Question

A call option of non-divided paying stock is traded at price of $5. The current spot price of this stock is $50. The call has a six-month maturity and a strike price of $52. The risk-free rate of return is 3.9%. What would be the price of a put on the same stock, maturity and strike price that of the call?

5

6

4

3

Answer 1

Given

Price of an European call option = $ 5

Spot price of a stock = $ 50

Strike price = $ 52

Rate of return = 3.9%

We know that

According to put Call parity theorem C+ PV ( X) = P+S

Here C = Price of Call option

PV ( X) = Present value of strike price

P = Price of a Put option

S = Spot price

Computation of Present value of strike price.

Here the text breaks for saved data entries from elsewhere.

lemma funpow_pred_cyc:
  assumes "c < n" "k \<le> n"
  shows "(pred_cyc n ^^ k) c = (succ_cyc n ^^ (n - k)) c"
proof -
  let ?y = "(pred_cyc n ^^ k) c"
  have "(succ_cyc n ^^ (n - k)) c = (succ_cyc n ^^ (n - k)) ((succ_cyc n ^^ k) ?y)"
    using assms by (simp add: funpow_succ_cyc_pred_cyc)
  also have "\<dots> = (succ_cyc n ^^ (n - k + k)) ?y"
    by (simp only: funpow_add o_apply)
  also have "\<dots> = (succ_cyc n ^^ n) ?y"
    using assms by simp
  also have "\<dots> = ?y"
    using assms by (simp add: funpow_succ_cyc funpow_pred_cyc_less)
  finally show ?thesis ..
qed

lemma funpow_pred_cyc_self: "c < n \<Longrightarrow> (pred_cyc n ^^ n) c = c"
  by (simp add: funpow_pred_cyc)

lemma funpow_succ_cyc_self: "c < n \<Longrightarrow> (succ_cyc n ^^ n) c = c"
  by (simp add: funpow_succ_cyc)

lemma funpow_pred_cyc_minus_one: "c < n \<Longrightarrow> (pred_cyc n ^^ (n - 1)) c = succ_cyc n c"
  by (simp add: funpow_pred_cyc)

lemma funpow_succ_cyc_minus_one: "c < n \<Longrightarrow> (succ_cyc n ^^ (n - 1)) c = pred_cyc n c"
  using funpow_pred_cyc[of c n 1] by simp

definition reflect_cyc :: "nat \<Rightarrow> nat \<Rightarrow> nat" where
  "reflect_cyc n c = (n - c) mod n"

lemma reflect_cyc_less: "0 < n \<Longrightarrow> reflect_cyc n c < n"
  by (simp add: reflect_cyc_def)

lemma reflect_reflect_cyc: "c < n \<Longrightarrow> reflect_cyc n (reflect_cyc n c) = c"
  by (cases "c = 0") (auto simp: reflect_cyc_def)

lemma succ_cyc_reflect_cyc: "c < n \<Longrightarrow> succ_cyc n (reflect_cyc n c) = reflect_cyc n (pred_cyc n c)"
  by (cases "c = 0"; cases "c = 1") (auto simp: reflect_cyc_def succ_cyc_def pred_cyc_eq)

lemma pred_cyc_reflect_cyc: "c < n \<Longrightarrow> pred_cyc n (reflect_cyc n c) = reflect_cyc n (succ_cyc n c)"
  by (metis pred_succ_cyc reflect_cyc_less reflect_reflect_cyc succ_cyc_less succ_cyc_reflect_cyc
      less_nat_zero_code neq0_conv)

lemma ex_funpow_succ_cyc:
  assumes "i < n" "c < n"
  shows "\<exists>k<n. (succ_cyc n ^^ k) i = c"
proof
  let ?k = "(c + n - i) mod n"
  have "(i + ?k) mod n = (i + (c + n - i)) mod n"
    by (rule mod_add_right_eq)
  also have "i + (c + n - i) = c + n"
    using assms by simp
  finally show "?k < n \<and> (succ_cyc n ^^ ?k) i = c"
    using assms by (simp add: funpow_succ_cyc)
qed

section \<open>Runs of earlier updates\<close>

definition earlier :: "nat set list \<Rightarrow> (nat \<Rightarrow> nat) \<Rightarrow> nat \<Rightarrow> bool" where
  "earlier D s c \<longleftrightarrow> block_idx D (s c) < block_idx D c"

definition earlier_run :: "nat set list \<Rightarrow> (nat \<Rightarrow> nat) \<Rightarrow> nat \<Rightarrow> nat" where
  "earlier_run D s c = (LEAST k. \<not> earlier D s ((s ^^ k) c))"

lemma block_idx_funpow_earlier:
  "\<forall>j<k. earlier D s ((s ^^ j) c) \<Longrightarrow> block_idx D ((s ^^ k) c) + k \<le> block_idx D c"
proof (induction k)
  case (Suc k)
  then have "block_idx D ((s ^^ k) c) + k \<le> block_idx D c" and "earlier D s ((s ^^ k) c)"
    by simp_all
  then show ?case by (simp add: earlier_def)
qed simp

lemma ex_not_earlier:
  assumes "(s ^^ n) c = c" and "0 < n"
  shows "\<exists>k<n. \<not> earlier D s ((s ^^ k) c)"
  using block_idx_funpow_earlier[of n D s c] assms by auto

lemma earlier_run_less: "(s ^^ n) c = c \<Longrightarrow> 0 < n \<Longrightarrow> earlier_run D s c < n"
  unfolding earlier_run_def by (meson ex_not_earlier Least_le le_less_trans)

lemma earlier_of_less_earlier_run: "j < earlier_run D s c \<Longrightarrow> earlier D s ((s ^^ j) c)"
  unfolding earlier_run_def using not_less_Least by blast

lemma earlier_run_rec:
  assumes "(s ^^ n) c = c" and "0 < n"
  shows "earlier_run D s c = (if earlier D s c then Suc (earlier_run D s (s c)) else 0)"
proof (cases "earlier D s c")
  case True
  obtain k where "\<not> earlier D s ((s ^^ k) c)"
    using ex_not_earlier[OF assms] by blast
  with True have "earlier_run D s c = Suc (LEAST k. \<not> earlier D s ((s ^^ Suc k) c))"
    unfolding earlier_run_def by (intro Least_Suc) auto
  then show ?thesis using True by (simp add: earlier_run_def funpow_swap1)
next
  case False
  then show ?thesis unfolding earlier_run_def by (simp add: Least_eq_0)
qed

lemma earlier_run_le_of_not_earlier:
  assumes "(s ^^ (n - 1)) c = t c" and "1 < n" and "\<not> earlier D t c"
  shows "earlier_run D s c \<le> n - 2"
proof (rule ccontr)
  assume "\<not> ?thesis"
  then have "\<forall>j<n - 1. earlier D s ((s ^^ j) c)"
    by (simp add: earlier_of_less_earlier_run)
  from block_idx_funpow_earlier[OF this] have "earlier D t c"
    using assms(1,2) by (simp add: earlier_def)
  with assms(3) show False ..
qed

section \<open>Evaluating a schedule\<close>

lemma block_idx_eqI:
  assumes "is_schedule n D" "a < length D" "c \<in> D ! a"
  shows "block_idx D c = a"
  unfolding block_idx_def
proof (rule the_equality)
  fix b assume b: "b < length D \<and> c \<in> D ! b"
  show "b = a"
  proof (rule ccontr)
    assume "b \<noteq> a"
    then have "D ! b \<inter> D ! a = {}"
      using assms(1,2) b unfolding is_schedule_def by blast
    with b assms(3) show False by blast
  qed
qed (use assms in simp)

lemma block_idx_mem:
  assumes "is_schedule n D" "c < n"
  shows "block_idx D c < length D" "c \<in> D ! block_idx D c"
proof -
  have "c \<in> \<Union>(set D)"
    using assms unfolding is_schedule_def by simp
  then obtain a where "a < length D" "c \<in> D ! a"
    by (auto simp: in_set_conv_nth)
  with block_idx_eqI[OF assms(1) this] show "block_idx D c < length D" "c \<in> D ! block_idx D c"
    by simp_all
qed

lemma fold_take_Suc:
  "t < length D \<Longrightarrow> fold f (take (Suc t) D) x = f (D ! t) (fold f (take t D) x)"
  by (simp add: take_Suc_conv_app_nth)

lemma fold_block_update_before:
  assumes S: "is_schedule n D" and c: "c < n"
  shows "t \<le> block_idx D c \<Longrightarrow> fold (block_update n) (take t D) x c = x c"
proof (induction t)
  case (Suc t)
  then have t: "t < length D"
    using block_idx_mem[OF S c] by simp
  then have "c \<notin> D ! t"
    using block_idx_eqI[OF S t] Suc.prems by auto
  with Suc show ?case
    by (simp add: fold_take_Suc[OF t] block_update_def)
qed simp

lemma fold_block_update_after:
  assumes S: "is_schedule n D" and c: "c < n"
  shows "block_idx D c < t \<Longrightarrow> t \<le> length D \<Longrightarrow>
    fold (block_update n) (take t D) x c = fold (block_update n) (take (Suc (block_idx D c)) D) x c"
proof (induction t)
  case (Suc t)
  show ?case
  proof (cases "t = block_idx D c")
    case False
    have t: "t < length D"
      using Suc.prems by simp
    then have "c \<notin> D ! t"
      using block_idx_eqI[OF S t] False by auto
    with Suc False show ?thesis
      by (simp add: fold_take_Suc[OF t] block_update_def)
  qed simp
qed simp

definition neighbour_value ::
    "nat \<Rightarrow> nat set list \<Rightarrow> (nat \<Rightarrow> bool) \<Rightarrow> (nat \<Rightarrow> nat) \<Rightarrow> nat \<Rightarrow> bool" where
  "neighbour_value n D x s c = (if earlier D s c then sched_fun n D x (s c) else x (s c))"

lemma sched_fun_cell:
  assumes S: "is_schedule n D" and c: "c < n"
  shows "sched_fun n D x c = (neighbour_value n D x (pred_cyc n) c \<and> neighbour_value n D x (succ_cyc n) c)"
proof -
  define G where "G t = fold (block_update n) (take t D) x" for t
  have final: "sched_fun n D x e = G (Suc (block_idx D e)) e" if e: "e < n" for e
  proof -
    have "sched_fun n D x e = G (length D) e"
      by (simp add: sched_fun_def G_def)
    also have "\<dots> = G (Suc (block_idx D e)) e"
      unfolding G_def using fold_block_update_after[OF S e, of "length D"] block_idx_mem[OF S e] by simp
    finally show ?thesis .
  qed
  have seen: "G (block_idx D c) e = (if block_idx D e < block_idx D c then sched_fun n D x e else x e)"
    if e: "e < n" for e
  proof (cases "block_idx D e < block_idx D c")
    case True
    then have "G (block_idx D c) e = G (Suc (block_idx D e)) e"
      unfolding G_def using fold_block_update_after[OF S e, of "block_idx D c"] block_idx_mem[OF S c]
      by simp
    with True show ?thesis
      using final[OF e] by simp
  next
    case False
    then show ?thesis
      unfolding G_def using fold_block_update_before[OF S e] by simp
  qed
  have "sched_fun n D x c = block_update n (D ! block_idx D c) (G (block_idx D c)) c"
    unfolding final[OF c] G_def using block_idx_mem[OF S c] by (simp only: fold_take_Suc)
  also have "\<dots> = (G (block_idx D c) (pred_cyc n c) \<and> G (block_idx D c) (succ_cyc n c))"
    using block_idx_mem[OF S c] by (simp add: block_update_def f160_def r160_def pred_cyc_def succ_cyc_def)
  finally show ?thesis
    using seen[OF pred_cyc_less[OF c]] seen[OF succ_cyc_less[OF c]]
    by (simp add: neighbour_value_def earlier_def)
qed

We know that Present value = Future Value / ( 1+i)^n

Here I = Rate of interest

n = No.of Years

Present value = $ 52 / ( 1+0.039)^0.5

= $ 52/( 1.039)^0.5

= $ 52/1.019313

= $ 51.0148

According to put Call parity theorem C+ PV ( X) = P+S

$ 5+$ 51.0148=P+$ 50

$ 51.0148-$ 50= P-$5

$ 1.0148=P-$ 5

$ 1.0148+$ 5 = P

$ 6.0148 =P

Hence the Price of an put option is approximately$ 6. So option 2 is the Correct answer.